TASK INSTRUCTIONS — Return all lines of the records that contain the word "total".

──────────

lemma det_aug_mat_move_col_last:
  assumes "p \<le> d"
  shows "det (aug_mat (d + 1) y F) = (-1) ^ (d - p)
    * det (aug_mat (d + 1) y (\<lambda>c. if c < p then F c else if c < d then F (c + 1) else F p))"
proof -
  have "det (aug_mat (d + 1) y F) = (-1) ^ (1 * (d - p)) * det (mat (d + 1) (d + 1)
      (\<lambda>(i, j). aug_mat (d + 1) y F $$ (i, if j < p then j else if j < p + (d - p) then j + 1 else j - (d - p))))"
    by (rule det_swap_final_cols) (use assms in auto)
  also have "mat (d + 1) (d + 1)
      (\<lambda>(i, j). aug_mat (d + 1) y F $$ (i, if j < p then j else if j < p + (d - p) then j + 1 else j - (d - p)))
    = aug_mat (d + 1) y (\<lambda>c. if c < p then F c else if c < d then F (c + 1) else F p)"
  proof -
    have "j + p - d = p" if "\<not> j < d" "j < d + 1" for j
      using that by simp
    then show ?thesis
      using assms by (intro eq_matI) (auto simp: aug_mat_def)
  qed
  finally show ?thesis
    by simp
qed

lemma Delta_last:
  assumes "d + 1 \<le> n"
  shows "Delta n d y {d+2..n} = det (aug_mat (d + 1) y Suc)"
proof -
  have "{1..n} - {d+2..n} = {1..<d+2}"
    using assms by auto
  then show ?thesis
    unfolding Delta_def aug_det_eq_det_aug_mat
    by (auto simp del: upt_Suc intro!: arg_cong[where f = det] aug_mat_cong)
qed

lemma Delta_insert_delete:
  assumes i: "i \<in> {1..d+1}" and l: "l \<in> {d+2..n}"
  shows "Delta n d y (insert i ({d+2..n} - {l}))
    = det (aug_mat (d + 1) y (\<lambda>c. if c < i - 1 then c + 1 else if c < d then c + 2 else l))"
proof -
  have S: "{1..n} - insert i ({d+2..n} - {l}) = set ([1..<i] @ [Suc i..<d+2] @ [l])"
    using i l by auto
  have "sorted_list_of_set ({1..n} - insert i ({d+2..n} - {l})) = [1..<i] @ [Suc i..<d+2] @ [l]"
    unfolding S by (rule sorted_list_of_set.idem_if_sorted_distinct) (use i l in \<open>auto simp: sorted_append\<close>)
  then show ?thesis
    unfolding Delta_def aug_det_eq_det_aug_mat
    using i by (intro arg_cong[where f = det] aug_mat_cong) (auto simp: nth_append)
qed

lemma aug_mat_mult_vec_masses:
  assumes dn: "d + 1 \<le> n"
    and balance: "\<And>r. r < d + 1 \<Longrightarrow> (\<Sum>j\<in>{1..n}. m j * aug_col y j r) = 0"
  shows "aug_mat (d + 1) y Suc *\<^sub>v vec (d + 1) (\<lambda>c. m (Suc c))
    = vec (d + 1) (\<lambda>r. \<Sum>l\<in>{d+2..n}. - m l * aug_col y l r)"
proof -
  have "{1..n} = Suc ` {..<d + 1} \<union> {d+2..n}" and "Suc ` {..<d + 1} \<inter> {d+2..n} = {}"
    using dn by (auto simp: lessThan_atLeast0)
  then have "(\<Sum>j\<in>{1..n}. m j * aug_col y j r)
      = (\<Sum>c<d + 1. m (Suc c) * aug_col y (Suc c) r) + (\<Sum>l\<in>{d+2..n}. m l * aug_col y l r)" for r
    by (simp add: sum.union_disjoint sum.reindex)
  then have "(\<Sum>c<d + 1. aug_col y (Suc c) r * m (Suc c)) = (\<Sum>l\<in>{d+2..n}. - m l * aug_col y l r)"
    if "r < d + 1" for r
    using balance[OF that] by (simp add: sum_negf mult.commute)
  then show ?thesis
    by (intro eq_vecI) (auto simp: aug_mat_def scalar_prod_def lessThan_atLeast0)
qed

lemma det_replace_col_aug_mat_Delta:
  assumes p: "p \<le> d" and l: "l \<in> {d+2..n}"
  shows "det (replace_col (aug_mat (d + 1) y Suc) (vec (d + 1) (aug_col y l)) p)
    = (-1) ^ (d - p) * Delta n d y (insert (Suc p) ({d+2..n} - {l}))"
proof -
  have "det (replace_col (aug_mat (d + 1) y Suc) (vec (d + 1) (aug_col y l)) p)
      = det (aug_mat (d + 1) y (Suc(p := l)))"
    using p by (simp add: replace_col_aug_mat)
  also have "\<dots> = (-1) ^ (d - p) * det (aug_mat (d + 1) y
      (\<lambda>c. if c < Suc p - 1 then c + 1 else if c < d then c + 2 else l))"
    using p l by (subst det_aug_mat_move_col_last[OF p]) (auto intro!: arg_cong[where f = det] aug_mat_cong)
  finally show ?thesis
    using Delta_insert_delete[where i = "Suc p"] p l by simp
qed

lemma Delta_cramer:
  assumes dn: "d + 1 \<le> n" and total: "sum m {1..n} = 0"
    and coords: "\<forall>r<d. (\<Sum>j\<in>{1..n}. m j * y j r) = 0" and i: "i \<in> {1..d+1}"
  shows "(-1) powi (int i - int d) * m i * Delta n d y {d+2..n}
    = (\<Sum>l\<in>{d+2..n}. m l * Delta n d y (insert i ({d+2..n} - {l})))"
proof -
  define p where "p = i - 1"
  have p: "p \<le> d" and i_eq: "i = Suc p"
    using i by (auto simp: p_def)
  define V where "V = aug_mat (d + 1) y Suc"
  define mv where "mv = vec (d + 1) (\<lambda>c. m (Suc c))"
  define S where "S = (\<Sum>l\<in>{d+2..n}. m l * Delta n d y (insert i ({d+2..n} - {l})))"
  have "(\<Sum>j\<in>{1..n}. m j * aug_col y j r) = 0" if "r < d + 1" for r
    using total coords that by (cases r) (auto simp: aug_col_def)
  then have Vmv: "V *\<^sub>v mv = vec (d + 1) (\<lambda>r. \<Sum>l\<in>{d+2..n}. - m l * aug_col y l r)"
    unfolding V_def mv_def by (rule aug_mat_mult_vec_masses[OF dn])
  have "m i * det V = det (replace_col V (V *\<^sub>v mv) p)"
    using cramer_lemma_mat[of V "d + 1" mv p] p by (simp add: V_def mv_def i_eq)
  also have "\<dots> = (\<Sum>l\<in>{d+2..n}. - m l * det (replace_col V (vec (d + 1) (aug_col y l)) p))"
    unfolding Vmv by (rule det_replace_col_sum) (use p in \<open>auto simp: V_def\<close>)
  also have "\<dots> = (\<Sum>l\<in>{d+2..n}. - m l * ((-1) ^ (d - p) * Delta n d y (insert i ({d+2..n} - {l}))))"
    unfolding V_def i_eq by (intro sum.cong refl) (simp only: det_replace_col_aug_mat_Delta[OF p])
  also have "\<dots> = - ((-1) ^ (d - p)) * S"
    unfolding S_def by (simp add: sum_distrib_left sum_negf mult.left_commute)
  finally have key: "m i * det V = - ((-1) ^ (d - p)) * S" .
  have sign: "(-1::real) powi (int i - int d) * (-1) ^ (d - p) = -1"
  proof -
    have exponent: "int i - int d = 1 - int (d - p)"
      using p i_eq by auto
    show ?thesis
      unfolding exponent power_int_diff[of "-1::real", simplified] by simp
  qed
  have "(-1) powi (int i - int d) * m i * det V = - ((-1) powi (int i - int d) * (-1) ^ (d - p)) * S"
    by (simp add: key mult.assoc)
  then show ?thesis
    unfolding sign Delta_last[OF dn] V_def[symmetric] S_def by simp
qed
definition transient :: "'v set \<Rightarrow> real" where
  "transient S = (if S \<noteq> {} \<and> S \<noteq> V then 1 else 0)"

abbreviation survival :: "nat \<Rightarrow> 'v set \<Rightarrow> real" where
  "survival n \<equiv> (step ^^ n) transient"

lemma survival_nonneg: "S \<subseteq> V \<Longrightarrow> 0 \<le> survival n S"
  using step_iter_mono[of S "\<lambda>_. 0" transient n] by (simp add: step_iter_const transient_def)

lemma survival_card_V:
  assumes "S \<subseteq> V" shows "survival (card V) S \<le> (1 - min_weight ^ card V) * transient S"
proof (cases "S = V \<or> S = {}")
  case True
  then show ?thesis by (auto simp: step_iter_absorbing transient_def)
next
  case False
  then have "S \<noteq> {}" and transient_S: "transient S = 1" by (auto simp: transient_def)
  have "card (V - S) \<le> card V" using finite_V by (simp add: card_mono)
  then have fixed: "min_weight ^ card V \<le> fix_after (card V) S"
    by (rule fix_after_lower_bound[OF assms \<open>S \<noteq> {}\<close>])
  have "survival (card V) S + fix_after (card V) S
      = (step ^^ card V) (\<lambda>S. transient S + (if S = V then 1 else 0)) S"
    by (simp add: step_iter_add fix_after_eq_step_iter)
  also have "\<dots> \<le> (step ^^ card V) (\<lambda>_. 1) S"
    by (rule step_iter_mono[OF assms]) (auto simp: transient_def)
  finally show ?thesis using fixed transient_S by (simp add: step_iter_const)
qed

lemma survival_Suc_le: "S \<subseteq> V \<Longrightarrow> survival (Suc n) S \<le> survival n S"
proof -
  assume "S \<subseteq> V"
  have "step transient S' \<le> transient S'" if "S' \<subseteq> V" for S'
    using step_mono[OF that, of transient "\<lambda>_. 1"]
    by (cases "S' = V \<or> S' = {}") (auto simp: step_absorbing step_const transient_def)
  then show ?thesis
    unfolding funpow_Suc_right comp_def by (rule step_iter_mono[OF \<open>S \<subseteq> V\<close>])
qed

lemma survival_mult_card_V:
  "S \<subseteq> V \<Longrightarrow> survival (m * card V) S \<le> (1 - min_weight ^ card V) ^ m"
proof (induction m arbitrary: S)
  case 0
  then show ?case by (simp add: transient_def)
next
  case (Suc m)
  have "survival (Suc m * card V) S = (step ^^ (m * card V)) (survival (card V)) S"
    by (simp only: mult_Suc add.commute[of "card V"] funpow_add comp_apply)
  also have "\<dots> \<le> (step ^^ (m * card V)) (\<lambda>S. (1 - min_weight ^ card V) * transient S) S"
    by (rule step_iter_mono[OF Suc.prems]) (rule survival_card_V)
  also have "\<dots> = (1 - min_weight ^ card V) * survival (m * card V) S"
    by (rule step_iter_scale)
  also have "\<dots> \<le> (1 - min_weight ^ card V) * (1 - min_weight ^ card V) ^ m"
    using min_weight_pos min_weight_le_one
    by (intro mult_left_mono[OF Suc.IH[OF Suc.prems]]) (simp add: power_le_one)
  finally show ?case by simp
qed
(* Let $A$ be a right faithful Banach algebra. If $A^* = \langle A^*\triangle A^{**}\rangle$, then the norm of $A$ is equivalent on $A$ to its right multiplier norm $\|a\|_{r}=\sup_{\|x\|_A\le 1}\|xa\|_A$. Symmetrically, if $A$ is left faithful and $A^* = \langle A^{**}\square A^*\rangle$, then the norm of $A$ is equivalent to its left multiplier norm $\|a\|_{l}=\sup_{\|x\|_A\le 1}\|ax\|_A$.
   Context: Arens-type module actions: for a Banach algebra $A$, $a,b\in A$, $f\in A^*$, $m\in A^{**}$, define $f\square a\in A^*$ by $\langle f\square a,b\rangle=\langle f,ab\rangle$ and $m\square f\in A^*$ by $\langle m\square f,a\rangle=\langle m,f\square a\rangle$; define $a\triangle f\in A^*$ by $\langle a\triangle f,b\rangle=\langle f,ba\rangle$ and $f\triangle m\in A^*$ by $\langle f\triangle m,a\rangle=\langle m,a\triangle f\rangle$. $\langle A^*\triangle A^{**}\rangle$ denotes the linear span of $\{f\triangle m: f\in A^*, m\in A^{**}\}$, and similarly for $\langle A^{**}\square A^*\rangle$. $A$ is right faithful if $xa=0$ for all $x\in A$ implies $a=0$ (so that $a\mapsto$ right multiplication by $a$ embeds $A$ injectively into its right multiplier algebra, with norm $\|\cdot\|_r$); left faithful is defined symmetrically. *)

theory Defs
  imports "HOL-Analysis.Analysis"
begin

(* Banach algebras: types of class real_normed_algebra + banach (real scalars, associative,
   submultiplicative norm, not necessarily unital). A* = 'a =>L real, A** = (A* =>L real). *)

definition sq_fa :: "('a::real_normed_algebra \<Rightarrow>\<^sub>L real) \<Rightarrow> 'a \<Rightarrow> ('a \<Rightarrow>\<^sub>L real)" where
  "sq_fa f a = Blinfun (\<lambda>b. blinfun_apply f (a * b))"

definition sq_mf :: "(('a::real_normed_algebra \<Rightarrow>\<^sub>L real) \<Rightarrow>\<^sub>L real) \<Rightarrow> ('a \<Rightarrow>\<^sub>L real) \<Rightarrow> ('a \<Rightarrow>\<^sub>L real)" where
  "sq_mf m f = Blinfun (\<lambda>a. blinfun_apply m (sq_fa f a))"

definition tr_af :: "'a::real_normed_algebra \<Rightarrow> ('a \<Rightarrow>\<^sub>L real) \<Rightarrow> ('a \<Rightarrow>\<^sub>L real)" where
  "tr_af a f = Blinfun (\<lambda>b. blinfun_apply f (b * a))"

definition tr_fm :: "('a::real_normed_algebra \<Rightarrow>\<^sub>L real) \<Rightarrow> (('a \<Rightarrow>\<^sub>L real) \<Rightarrow>\<^sub>L real) \<Rightarrow> ('a \<Rightarrow>\<^sub>L real)" where
  "tr_fm f m = Blinfun (\<lambda>a. blinfun_apply m (tr_af a f))"

definition right_faithful :: "'a::real_normed_algebra itself \<Rightarrow> bool" where
  "right_faithful _ \<longleftrightarrow> (\<forall>a::'a. (\<forall>x. x * a = 0) \<longrightarrow> a = 0)"

definition left_faithful :: "'a::real_normed_algebra itself \<Rightarrow> bool" where
  "left_faithful _ \<longleftrightarrow> (\<forall>a::'a. (\<forall>x. a * x = 0) \<longrightarrow> a = 0)"

definition right_mult_norm :: "'a::real_normed_algebra \<Rightarrow> real" where
  "right_mult_norm a = (SUP x\<in>{x. norm x \<le> 1}. norm (x * a))"

definition left_mult_norm :: "'a::real_normed_algebra \<Rightarrow> real" where
  "left_mult_norm a = (SUP x\<in>{x. norm x \<le> 1}. norm (a * x))"

definition norms_equivalent :: "('a \<Rightarrow> real) \<Rightarrow> ('a \<Rightarrow> real) \<Rightarrow> bool" where
  "norms_equivalent n1 n2 \<longleftrightarrow> (\<exists>c C. 0 < c \<and> 0 < C \<and> (\<forall>a. c * n1 a \<le> n2 a \<and> n2 a \<le> C * n1 a))"

end

theory Submission
  imports Defs
begin

text \<open>
  Let \<open>A\<close> be a Banach algebra whose dual \<open>A*\<close> is spanned by the functionals
  \<open>f \<triangle> m\<close>.  Each of them satisfies
  \<open>|(f \<triangle> m) a| \<le> norm m * norm f * norm (x \<mapsto> x * a)\<close>, and the functionals
  dominated by a multiple of the right multiplier norm form a subspace; hence every functional in
  \<open>A*\<close> is so dominated.  Thus the unit ball of the right multiplier norm is weakly bounded,
  so by the uniform boundedness principle (on the complete space \<open>A*\<close>) together with
  norming functionals (Hahn-Banach) it is norm bounded, which is the nontrivial inequality.
\<close>

text \<open>Hahn-Banach in the form needed here: every vector is normed by a functional of norm at
  most one.  A candidate functional is encoded by its graph, a linear subspace of
  \<open>'a \<times> real\<close> lying below the graph of the norm.\<close>

definition norm_dominated_graph :: "('a::real_normed_vector \<times> real) set \<Rightarrow> bool" where
  "norm_dominated_graph G \<longleftrightarrow> subspace G \<and> (\<forall>(x, r)\<in>G. r \<le> norm x)"

lemma norm_dominated_graphD:
  assumes "norm_dominated_graph G"
  shows "subspace G" and "(x, r) \<in> G \<Longrightarrow> r \<le> norm x"
  using assms by (auto simp: norm_dominated_graph_def)

text \<open>Such a graph is the graph of a partial function: two values over the same point differ by a
  value over \<open>0\<close>, which is at most \<open>norm 0 = 0\<close> in both directions.\<close>

lemma norm_dominated_graph_unique:
  assumes G: "norm_dominated_graph G" and "(x, r) \<in> G" "(x, s) \<in> G"
  shows "r = s"
proof -
  have sub: "subspace G" using G by (rule norm_dominated_graphD)
  have "(x, r) - (x, s) \<in> G" "(x, s) - (x, r) \<in> G"
    using subspace_diff[OF sub] assms(2,3) by blast+
  then have "r - s \<le> norm (0::'a)" "s - r \<le> norm (0::'a)"
    using norm_dominated_graphD(2)[OF G] by fastforce+
  then show ?thesis by simp
qed

lemma norm_dominated_graph_span_singleton:
  "norm_dominated_graph (span {(x0, norm x0)})"
  unfolding norm_dominated_graph_def
proof
  show "subspace (span {(x0, norm x0)})" by (rule subspace_span)
  show "\<forall>(x, r)\<in>span {(x0, norm x0)}. r \<le> norm x"
    by (auto simp: span_singleton abs_mult intro!: mult_right_mono)
qed

text \<open>Nonempty chains have upper bounds (their unions), so Zorn's lemma applies.\<close>

lemma norm_dominated_graph_chain_Union:
  assumes C: "C \<noteq> {}" "subset.chain {G. norm_dominated_graph G \<and> p0 \<in> G} C"
  shows "norm_dominated_graph (\<Union>C) \<and> p0 \<in> \<Union>C"
proof -
  have mem: "\<And>G. G \<in> C \<Longrightarrow> norm_dominated_graph G \<and> p0 \<in> G"
    and cmp: "\<And>G H. G \<in> C \<Longrightarrow> H \<in> C \<Longrightarrow> G \<subseteq> H \<or> H \<subseteq> G"
    using C(2) unfolding subset.chain_def by blast+
  have sub: "subspace G" if "G \<in> C" for G
    using mem[OF that] norm_dominated_graphD(1) by blast
  have "subspace (\<Union>C)"
    unfolding subspace_def
  proof (intro conjI ballI allI)
    show "0 \<in> \<Union>C" using C(1) sub subspace_0 by blast
  next
    fix p q assume "p \<in> \<Union>C" "q \<in> \<Union>C"
    then obtain G H where "G \<in> C" "H \<in> C" "p \<in> G" "q \<in> H" by blast
    with cmp[of G H] sub show "p + q \<in> \<Union>C"
      by (metis UnionI subsetD subspace_add)
  next
    fix c p assume "p \<in> \<Union>C"
    then show "c *\<^sub>R p \<in> \<Union>C" using sub subspace_scale by blast
  qed
  moreover have "\<forall>(x, r)\<in>\<Union>C. r \<le> norm x"
    using mem norm_dominated_graphD(2) by blast
  ultimately show ?thesis using C(1) mem by (auto simp: norm_dominated_graph_def)
qed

──────────

REPLY —
  assumes dn: "d + 1 \<le> n" and total: "sum m {1..n} = 0"
    using total coords that by (cases r) (auto simp: aug_col_def)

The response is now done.